1.–No processo supra referido da Comarca de Lisboa Oeste – Sintra – Inst. Central – 1.ª Sec. Criminal – Juiz 2, foi proferido Acórdão, a fls 524 a 544, em 14/12/2015, que decidiu:

-condenar o arguido J.pela prática de 13 (treze) crimes de falsificação de documentos, p.p. e p.p. pelos artigos 256°, n°l, al.ªs a), d) e e) e n° 4 do Código Penal, na pena de 1 (um) ano e 6 (seis) meses por cada um dos crimes.
-Em cúmulo jurídico condenar o arguido J.na pena única de 4 (quatro) anos e 6 (seis) meses de prisão.
-Suspender a execução da pena de prisão aplicada ao arguido J. por igual período de 4 (quatro) anos e 6 (seis) meses, sujeito a regime de prova a fixar pela DGRSP, nos termos do disposto nos artigos 50.°, n.° 5 e 53°, n.° 3, do Código Penal.

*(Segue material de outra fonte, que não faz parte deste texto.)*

lemma dist_to_set_in_gammaT:
  assumes d: "d \<in> DPMet" and dec: "\<And>X. d X W = sup01 ((\<lambda>z. d {z} W) ` X)"
  shows "(\<lambda>z. d {z} W) \<in> gammaT d"
proof -
  have "ftilde (\<lambda>z. d {z} W) X = d X W" for X
    unfolding ftilde_def by (rule dec[symmetric])
  moreover have "ominus01 (d X1 W) (d X2 W) \<le> d X1 X2" for X1 X2
    using DPMetD(1)[OF d, of X1 X2] DPMetD(4)[OF d, where x = X1 and y = X2 and z = W] by (simp add: ominus01_def)
  ultimately show ?thesis
    using DPMetD(1,2)[OF d] by (simp add: gammaT_def)
qed

section \<open>The fixpoint\<close>

locale metric_ts =
  fixes T :: "('x \<times> 'a \<times> 'x) set" and dA :: "'a \<Rightarrow> 'a \<Rightarrow> real" and d0 :: "'x \<Rightarrow> 'x \<Rightarrow> real"
  assumes dA: "metric01 dA" and d0: "d0 \<in> DPMet"
begin

lemma trace_sim_subset: "X \<subseteq> W \<Longrightarrow> trace_sim T dA d0 X W 0"
  unfolding trace_sim_def using dTr_self[OF dA] DPMetD(3)[OF d0] by fastforce

lemma trace_sim_trans:
  assumes "trace_sim T dA d0 X Y e1" "trace_sim T dA d0 Y Z e2"
  shows "trace_sim T dA d0 X Z (e1 + e2)"
  unfolding trace_sim_def
proof (intro ballI allI impI)
  fix x x' \<sigma> assume "x \<in> X" "tpath T x \<sigma> x'"
  then obtain y y' \<rho> where y: "y \<in> Y" "tpath T y \<rho> y'" "dTr dA \<sigma> \<rho> \<le> e1" "d0 x' y' \<le> e1"
    using assms(1) unfolding trace_sim_def by blast
  then obtain z z' \<tau> where z: "z \<in> Z" "tpath T z \<tau> z'" "dTr dA \<rho> \<tau> \<le> e2" "d0 y' z' \<le> e2"
    using assms(2) unfolding trace_sim_def by blast
  have "dTr dA \<sigma> \<tau> \<le> e1 + e2" using dTr_triangle[OF dA, where \<sigma> = \<sigma> and \<tau> = \<rho> and \<rho> = \<tau>] y z by linarith
  moreover have "d0 x' z' \<le> e1 + e2" using DPMetD(4)[OF d0, where x = x' and y = y' and z = z'] y z by linarith
  ultimately show "\<exists>z\<in>Z. \<exists>z' \<tau>. tpath T z \<tau> z' \<and> dTr dA \<sigma> \<tau> \<le> e1 + e2 \<and> d0 x' z' \<le> e1 + e2"
    using z by blast
qed

lemma trace_sim_dist_subset_eq_0:
  assumes "X \<subseteq> W"
  shows "trace_sim_dist T dA d0 X W = 0"
proof -
  have "trace_sim_dist T dA d0 X W \<le> 0"
    by (rule trace_sim_dist_le[OF trace_sim_subset[OF assms]]) simp_all
  then show ?thesis using trace_sim_dist_bounds[of T dA d0 X W] by simp
qed

lemma trace_sim_dist_DPMet: "trace_sim_dist T dA d0 \<in> DPMet"
  unfolding DPMet_def
proof (intro CollectI conjI allI)
  fix X Y Z
  let ?a = "trace_sim_dist T dA d0 X Y" and ?b = "trace_sim_dist T dA d0 Y Z"
  have ab: "0 \<le> ?a" "0 \<le> ?b" using trace_sim_dist_bounds by blast+
  have "trace_sim_dist T dA d0 X Z \<le> ?a + ?b"
  proof (rule trace_sim_dist_le_approx)
    fix e assume e: "?a + ?b < e" "e < 1"
    define e1 where "e1 = ?a + (e - ?a - ?b) / 2"
    have "?a < e1" "e1 \<le> 1" "?b < e - e1" "e - e1 \<le> 1"
      using e ab by (simp_all add: e1_def field_simps)
    then have "trace_sim T dA d0 X Y e1" "trace_sim T dA d0 Y Z (e - e1)"
      by (auto intro: trace_sim_dist_less)
    then show "trace_sim T dA d0 X Z e" using trace_sim_trans by fastforce
  qed (use ab in simp)
  then show "trace_sim_dist T dA d0 X Z \<le> oplus01 ?a ?b"
    using trace_sim_dist_bounds[of T dA d0 X Z] by (simp add: oplus01_def)
qed (auto simp: trace_sim_dist_bounds trace_sim_dist_subset_eq_0)

lemma nextop_unit_valued:
  assumes "unit_valued h"
  shows "unit_valued (nextop T dA a h)"
proof
  fix x
  have "0 \<le> min (1 - dA b a) (h y) \<and> min (1 - dA b a) (h y) \<le> 1" for b y
    using assms metric01D(2)[OF dA, of b a] by (simp add: min_le_iff_disj)
  then show "0 \<le> nextop T dA a h x \<and> nextop T dA a h x \<le> 1"
    unfolding nextop_def by (intro sup01_bounds) blast
qed

lemma loT_unit_valued: "\<forall>f\<in>loT T dA (gammaT d). unit_valued f"
proof
  fix f assume "f \<in> loT T dA (gammaT d)"
  then consider "f = (\<lambda>_. 1)" | a h where "f = nextop T dA a h" "h \<in> clsh (gammaT d)"
    unfolding loT_def by blast
  then show "unit_valued f"
  proof cases
    case 2
    have "\<forall>g\<in>gammaT d. unit_valued g" unfolding gammaT_def by blast
    then show ?thesis using 2 clsh_unit_valued nextop_unit_valued by blast
  qed simp
qed

lemma beta_d0_bounds: "0 \<le> beta_d0 T dA d0 d X W \<and> beta_d0 T dA d0 d X W \<le> 1"
  using alphaT_bounds[OF loT_unit_valued] hausdorff_dir_bounds[OF d0]
  unfolding beta_d0_def betaT_def by (simp add: le_max_iff_disj)

lemma beta_d0_eq_sup_singletons: "beta_d0 T dA d0 d X W = sup01 ((\<lambda>z. beta_d0 T dA d0 d {z} W) ` X)"
proof -
  let ?F = "loT T dA (gammaT d)"
  have "beta_d0 T dA d0 d X W = max (alphaT ?F X W) (hausdorff_dir d0 X W)"
    by (simp add: beta_d0_def betaT_def)
  also have "\<dots> = max (sup01 ((\<lambda>z. alphaT ?F {z} W) ` X)) (sup01 ((\<lambda>z. hausdorff_dir d0 {z} W) ` X))"
    using alphaT_eq_sup_singletons[OF loT_unit_valued] hausdorff_dir_eq_sup_singletons by metis
  also have "\<dots> = sup01 ((\<lambda>z. max (alphaT ?F {z} W) (hausdorff_dir d0 {z} W)) ` X)"
    using alphaT_bounds[OF loT_unit_valued] inf01_dist_bounds[OF d0]
    by (intro sup01_max_image[symmetric]) auto
  finally show ?thesis by (simp add: beta_d0_def betaT_def)
qed

lemma beta_d0_subset_eq_0: "X \<subseteq> W \<Longrightarrow> beta_d0 T dA d0 d X W = 0"
  by (simp add: beta_d0_def betaT_def alphaT_subset_eq_0[OF _ loT_unit_valued]
      hausdorff_dir_subset_eq_0[OF d0])

text \<open>The witness in \<open>gammaT d\<close> is the distance to the successors of \<open>X2\<close> whose label is
  \<open>e\<close>-close to \<open>a\<close>, shifted up by \<open>1 - e\<close> and observed one step ahead.\<close>
lemma betaT_ge_near_succ:
  assumes d: "d \<in> DPMet" and dec: "\<And>X W. d X W = sup01 ((\<lambda>z. d {z} W) ` X)"
    and sub0: "\<And>X W. X \<subseteq> W \<Longrightarrow> d X W = 0"
    and "x1 \<in> X1" "(x1, a, y) \<in> T" "0 < e" "e \<le> 1"
  shows "min e (d {y} (near_succ T dA X2 a e)) \<le> betaT T dA d X1 X2"
proof -
  define W where "W = near_succ T dA X2 a e"
  define h where "h = (\<lambda>z. oplus01 (d {z} W) (1 - e))"
  define g where "g = nextop T dA a h"
  have "h \<in> clsh (gammaT d)"
    unfolding h_def using assms(6,7) dist_to_set_in_gammaT[OF d dec] by (intro clsh_plus clsh_base) auto
  then have g: "g \<in> loT T dA (gammaT d)" and h: "unit_valued h"
    using clsh_unit_valued[of h "gammaT d"] unfolding g_def loT_def gammaT_def by blast+
  have "h y = min (1 - dA a a) (h y)"
    using h metric01D(3)[OF dA] by simp
  also have "\<dots> \<le> g x1"
    unfolding g_def using assms(5) h by (intro nextop_upper) auto
  also have "\<dots> \<le> ftilde g X1"
    using assms(4) g loT_unit_valued by (intro ftilde_upper) auto
  finally have g1: "h y \<le> ftilde g X1" .
  have "g x2 \<le> 1 - e" if "x2 \<in> X2" for x2
    unfolding g_def
  proof (rule nextop_least)
    fix b y2 assume tr: "(x2, b, y2) \<in> T"
    show "min (1 - dA b a) (h y2) \<le> 1 - e"
    proof (cases "dA a b \<le> e")
      case True
      then have "y2 \<in> W" using that tr unfolding W_def near_succ_def by blast
      then show ?thesis using sub0[of "{y2}" W] assms(6) by (simp add: h_def oplus01_def)
    next
      case False
      then show ?thesis using metric01D(4)[OF dA, of a b] by simp
    qed
  qed (use assms(7) in simp)
  then have g2: "ftilde g X2 \<le> 1 - e"
    using assms(7) by (intro ftilde_least) auto
  have "min e (d {y} W) \<le> ominus01 (ftilde g X1) (ftilde g X2)"
    using g1 g2 unfolding h_def oplus01_def ominus01_def by auto
  also have "\<dots> \<le> betaT T dA d X1 X2"
    unfolding betaT_def using g loT_unit_valued by (rule alphaT_upper)
  finally show ?thesis unfolding W_def .
qed

lemma nextop_near_succ_le:
  assumes h: "unit_valued h" and hy: "h y \<le> ftilde h (near_succ T dA X2 b e) + e" and "0 \<le> e"
  shows "min (1 - dA b a) (h y) \<le> ftilde (nextop T dA a h) X2 + e"
proof -
  let ?f = "nextop T dA a h" and ?Y = "near_succ T dA X2 b e"
  define c where "c = 1 - dA b a - e"
  have "min c (h y2) \<le> ftilde ?f X2" if y2: "y2 \<in> ?Y" for y2
  proof -
    obtain x2 b' where x2: "x2 \<in> X2" "(x2, b', y2) \<in> T" "dA b b' \<le> e"
      using y2 unfolding near_succ_def by blast
    have "dA b' a \<le> dA b' b + dA b a" by (rule metric01D(5)[OF dA])
    then have "c \<le> 1 - dA b' a" using x2(3) metric01D(4)[OF dA, of b b'] unfolding c_def by simp
    then have "min c (h y2) \<le> min (1 - dA b' a) (h y2)" by simp
    also have "\<dots> \<le> ?f x2" using x2(2) h by (intro nextop_upper) auto
    also have "\<dots> \<le> ftilde ?f X2" using x2(1) nextop_unit_valued[OF h] by (intro ftilde_upper) auto
    finally show ?thesis .
  qed
  then have "min c (ftilde h ?Y) \<le> ftilde ?f X2"
    using ftilde_bounds[OF nextop_unit_valued[OF h]] by (intro min_ftilde_le) auto
  then show ?thesis using hy unfolding c_def by linarith
qed

lemma clsh_gammaT_le_near_succ:
  assumes h: "h \<in> clsh (gammaT (trace_sim_dist T dA d0))"
    and sim: "trace_sim T dA d0 X1 X2 e" and e: "0 \<le> e" "e < 1"
    and "x1 \<in> X1" "(x1, b, y) \<in> T"
  shows "h y \<le> ftilde h (near_succ T dA X2 b e) + e"
proof -
  let ?D = "trace_sim_dist T dA d0" and ?Y = "near_succ T dA X2 b e"
  have sim_y: "trace_sim T dA d0 {y} ?Y e" using trace_sim_step[OF sim e(2) assms(5,6)] .
  then have "?Y \<noteq> {}" using trace_sim_init[OF sim_y e(2), of y] by blast
  have "?D {y} ?Y \<le> e" using trace_sim_dist_le[OF sim_y] e by simp
  then have "g y \<le> ftilde g ?Y + e" if "g \<in> gammaT ?D" for g
    using gammaT_singleton_le[OF that, of y ?Y] by linarith
  moreover have "\<forall>g\<in>gammaT ?D. unit_valued g" unfolding gammaT_def by blast
  ultimately show ?thesis using clsh_le_ftilde[OF h] \<open>?Y \<noteq> {}\<close> e(1) by blast
qed

lemma loT_ftilde_le_trace_sim:
  assumes f: "f \<in> loT T dA (gammaT (trace_sim_dist T dA d0))"
    and sim: "trace_sim T dA d0 X1 X2 e" and e: "0 \<le> e" "e < 1"
  shows "ftilde f X1 \<le> ftilde f X2 + e"
proof -
  let ?D = "trace_sim_dist T dA d0"
  have f_unit: "unit_valued f" using f loT_unit_valued by blast
  then have fX2: "0 \<le> ftilde f X2 + e" using ftilde_bounds[OF f_unit, of X2] e(1) by simp
  from f consider "f = (\<lambda>_. 1)" | a h where "f = nextop T dA a h" "h \<in> clsh (gammaT ?D)"
    unfolding loT_def by blast
  then show ?thesis
  proof cases
    case 1
    show ?thesis
    proof (cases "X1 = {}")
      case True
      then show ?thesis using fX2 by (simp add: ftilde_def sup01_def)
    next
      case False
      then obtain x2 where "x2 \<in> X2" using trace_sim_init[OF sim e(2)] by blast
      then have "1 \<le> ftilde f X2" using ftilde_upper[of x2 X2 f] 1 by simp
      then show ?thesis using ftilde_bounds[OF f_unit, of X1] e by simp
    qed
  next
    case (2 a h)
    have h: "unit_valued h" using 2(2) clsh_unit_valued unfolding gammaT_def by blast
    have "f x1 \<le> ftilde f X2 + e" if "x1 \<in> X1" for x1
      unfolding 2(1)
    proof (rule nextop_least)
      fix b y assume "(x1, b, y) \<in> T"
      then have "h y \<le> ftilde h (near_succ T dA X2 b e) + e"
        using clsh_gammaT_le_near_succ[OF 2(2) sim e that] by blast
      then show "min (1 - dA b a) (h y) \<le> ftilde (nextop T dA a h) X2 + e"
        using nextop_near_succ_le[OF h] e(1) by blast
    qed (use fX2 2(1) in simp)
    then show ?thesis using fX2 by (intro ftilde_least) auto
  qed
qed

lemma betaT_le_trace_sim_dist: "betaT T dA (trace_sim_dist T dA d0) X1 X2 \<le> trace_sim_dist T dA d0 X1 X2"
  unfolding betaT_def
proof (rule alphaT_least)
  let ?F = "loT T dA (gammaT (trace_sim_dist T dA d0))"
  show "\<forall>f\<in>?F. ominus01 (ftilde f X1) (ftilde f X2) \<le> trace_sim_dist T dA d0 X1 X2"
  proof
    fix f assume f: "f \<in> ?F"
    show "ominus01 (ftilde f X1) (ftilde f X2) \<le> trace_sim_dist T dA d0 X1 X2"
    proof (rule trace_sim_dist_greatest)
      fix e assume "0 \<le> e" "e < 1" "trace_sim T dA d0 X1 X2 e"
      then have "ftilde f X1 \<le> ftilde f X2 + e" using loT_ftilde_le_trace_sim[OF f] by blast
      then show "ominus01 (ftilde f X1) (ftilde f X2) \<le> e"
        using \<open>0 \<le> e\<close> by (simp add: ominus01_def)
    next
      have "unit_valued f" using f loT_unit_valued by blast
      then show "ominus01 (ftilde f X1) (ftilde f X2) \<le> 1" using ominus01_ftilde_bounds by blast
    qed
  qed
  show "0 \<le> trace_sim_dist T dA d0 X1 X2" using trace_sim_dist_bounds by blast
qed

lemma hausdorff_dir_le_trace_sim_dist: "hausdorff_dir d0 X1 X2 \<le> trace_sim_dist T dA d0 X1 X2"
proof (rule trace_sim_dist_greatest)
  fix e assume e: "0 \<le> e" "e < 1" and sim: "trace_sim T dA d0 X1 X2 e"
  have "inf01 ((\<lambda>v. d0 x1 v) ` X2) \<le> e" if x1: "x1 \<in> X1" for x1
  proof -
    obtain x2 where x2: "x2 \<in> X2" "d0 x1 x2 \<le> e" using trace_sim_init[OF sim e(2) x1] by blast
    have "inf01 ((\<lambda>v. d0 x1 v) ` X2) \<le> d0 x1 x2"
      using x2(1) DPMetD(1)[OF d0] by (intro inf01_lower) auto
    then show ?thesis using x2(2) by linarith
  qed
  then show "hausdorff_dir d0 X1 X2 \<le> e"
    unfolding hausdorff_dir_def using e(1) by (intro sup01_least) auto
next
  show "hausdorff_dir d0 X1 X2 \<le> 1" using hausdorff_dir_bounds[OF d0] by blast
qed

É do seguinte teor, tal Acórdão: 
( … )
Relatório:
O Digno Magistrado do Ministério Público acusou, para julgamento em Processo Comum, com intervenção de Tribunal Colectivo,

J., …
Porquanto, cometendo os factos descritos na acusação, incorreu na prática em autoria material e na forma consumada de 13 (treze) crimes de falsificação de documentos, previstos e punidos pelos artigos 256°, n°l, al. a), d) e e) e n° 4 do Código Penal.

O arguido não apresentou contestação, nem arrolou testemunhas.

Procedeu-se a julgamento com observância do formalismo legal, conforme resulta da(s) respectiva(s) acta(s).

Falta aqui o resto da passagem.